On the last two or three cervical vertebræ of Brontosaurus, there is a convoluted ridge of bone over the posterior zyga-pophyses. In the anterior dorsals, this ridge becomes stronger and more elongated, forming a distinct protuberance. These processes have not hitherto been described. As they are analogous to the processes in mammals known as meta-pophyses, they may bear the same general name, being distinguished as the post-metapophyses. The term pre-metapophyses should then be applied to the processes in mammals.

The post-metapophyses probably serve for the attachment of ligaments in the place of the neural spine, which is here wholly wanting. These processes, which are at first oblique in position, gradually become more vertical and stouter, and, coalescing at their bases, finally become united throughout, and are thus converted into the neural spine.

Fœtal Dinosaurs.

Remains of a very small dinosaur were found in immediate relation with the type specimen of Morosaurus grandis.

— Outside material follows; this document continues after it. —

(* Let $D\mathcal{M}$ be an $\ell c$DCB system, linearly conjugate via $Q=\mathrm{diag}(q_1,\dots,q_n)$ to the DCB system $D\tilde{\mathcal{M}}$, and let $\theta\in C([-\tau,0];\mathbb{R}^n_{>0})$. Then the set $\mathcal H_\theta$ contains exactly one positive equilibrium of $D\mathcal{M}$; namely $x^*=Q\tilde x^*$, where $\tilde x^*$ is the unique positive equilibrium of $D\tilde{\mathcal{M}}$ in its stoichiometric compatibility class containing $Q^{-1}\theta$.
   Context: For $x,y\in\mathbb{R}^n$ with $x\ge 0$, write $x^{y}=\prod_{j=1}^n x_j^{y_j}$. A delayed mass-action system on species $X_1,\dots,X_n$ consists of reactions $R_i: y_{\cdot i}\to y'_{\cdot i}$, $i=1,\dots,r$, with complexes $y_{\cdot i},y'_{\cdot i}\in\mathbb{R}^n_{\ge0}$, rate constants $\kappa_i>0$ and delays $\tau_i\ge0$; with $\tau\ge\max_i\tau_i$, its dynamics is the delay differential equation $\dot x(t)=F(x_t):=\sum_{i=1}^r\kappa_i\big[x(t-\tau_i)^{y_{\cdot i}}y'_{\cdot i}-x(t)^{y_{\cdot i}}y_{\cdot i}\big]$, $t\ge 0$, where $x_t(s)=x(t+s)$, $s\in[-\tau,0]$, with initial function $\theta\in C([-\tau,0];\mathbb{R}^n_{\ge0})$. Its stoichiometric subspace is $\mathscr S=\mathrm{span}\{y'_{\cdot i}-y_{\cdot i}\}$. A positive equilibrium is $x^*\in\mathbb{R}^n_{>0}$ with $\sum_i\kappa_i (x^* )^{y_{\cdot i}}(y'_{\cdot i}-y_{\cdot i})=0$ (viewed as a constant function). The stoichiometric compatibility class containing $\theta$ is $\mathcal P_\theta=\{\psi\in C([-\tau,0];\mathbb{R}^n_{\ge0}): c_a(\psi)=c_a(\theta)\ \forall a\in\mathscr S^\perp\}$, where $c_a(\psi)=a^\top\big[\psi(0)+\sum_{i=1}^r\big(\kappa_i\int_{-\tau_i}^0\psi(s)^{y_{\cdot i}}ds\big)y_{\cdot i}\big]$. A vector $\bar x\in\mathbb{R}^n_{>0}$ is a complex balanced equilibrium if for every complex $\eta$ of the network $\sum_{i: y_{\cdot i}=\eta}\kappa_i\bar x^{y_{\cdot i}}=\sum_{i: y'_{\cdot i}=\eta}\kappa_i\bar x^{y_{\cdot i}}$. A delayed complex balanced (DCB) system is a delayed mass-action system admitting a positive complex balanced equilibrium; each stoichiometric compatibility class $\mathcal P_\theta$ of a DCB system with $\theta$ positive contains exactly one positive equilibrium. Two delayed mass-action systems $D\mathcal{M}$ (right-hand side $F$) and $D\tilde{\mathcal{M}}$ (right-hand side $\tilde F$) on the same species are linearly conjugate via a positive diagonal matrix $Q$ if $F(Q\psi)=Q\tilde F(\psi)$ for all $\psi\in C([-\tau,0];\mathbb{R}^n_{>0})$. An $\ell c$DCB system is one linearly conjugate via some positive diagonal matrix to a DCB system. If $D\tilde{\mathcal{M}}$ has reactions $y_{\cdot i}\to\tilde y'_{\cdot i}$, rate constants $\tilde\kappa_i$, delays $\tau_i$ ($i=1,\dots,\tilde r$) and stoichiometric subspace $\tilde{\mathscr S}$, define $h_a(\psi)=a^\top\big[\psi(0)+\sum_{i=1}^{\tilde r}\big(\tilde\kappa_i\prod_{j=1}^n q_j^{-y_{ji}}\int_{-\tau_i}^0\psi(s)^{y_{\cdot i}}ds\big)Qy_{\cdot i}\big]$ and $\mathcal H_\theta=\{\psi\in C([-\tau,0];\mathbb{R}^n_{\ge0}): h_a(\psi)=h_a(\theta)\ \forall a\in(Q^{-1})^\top\tilde{\mathscr S}^\perp\}$. *)

theory Defs
  imports "HOL-Analysis.Analysis"
begin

These remains, which consist of a complete femur, the larger portion of both humeri, and several vertebræ, show no essential differences from the large specimens except in size, and indicate an animal of perhaps seven feet in length, and little more than two feet in height. The imperfect ossification of these bones indicates that the animal was very young, and it seems probable that it was fœtal. The only other similar case known in the Dinosauria is the apparent embryo observed by the writer in Compsognathus.[2]

Classification.

The various genera of the Sauropoda, and in fact of the Dinosauria in general, cannot at present be distinguished by the detached teeth. In one form, however, the teeth are quite peculiar, and the dentition appears to offer generic characters. The maxillary teeth of this form have been referred to Stegosaurus (this Journal, vol. xix, p. 255; pl. vi, figs 4 and 5), as they were first found in connection with the remains of that genus. Later investigations indicate that they belong to the Sauropoda, and there is some evidence that they are the teeth of Diplodocus.

The main characters of the order Sauropoda, and of the two families now known to belong to it, are as follows:

Order Sauropoda. Herbivorous.

Feet plantigrade, ungulate; five digits in manus and pes; second row of carpal and tarsal bones unossified. Pubes projecting in front, and united distally by cartilage; no post-pubis. Fore and hind limbs nearly equal; limb bones solid. Sternal bones parial. Premaxillary bones with teeth. Precaudal vertebræ hollow. Each sacral vertebra supports its own transverse processes.

Family Atlantosauridæ. Anterior vertebræ opisthocœlian. Ischia directed downward, with extremities meeting on median line. Anterior caudals with lateral cavities. A pituitary canal.

Family Morosauridæ. Anterior vertebræ opisthocœlian. Ischia directed backward, with sides meeting on median line. Anterior caudals solid. Pituitary fossa only.

Yale College, New Haven, July 12th, 1883.
Restoration of BRONTOSAURUS EXCELSUS. Marsh. One-eightieth natural size.
  1. This Journal, xvi, 417, Nov. 1878; xvii, 86, Jan. 1879; xxi, 417, May, 1881; and xxiii, 81, Jan. 1882.
  2. This Journal, xxii, 340, November, 1881.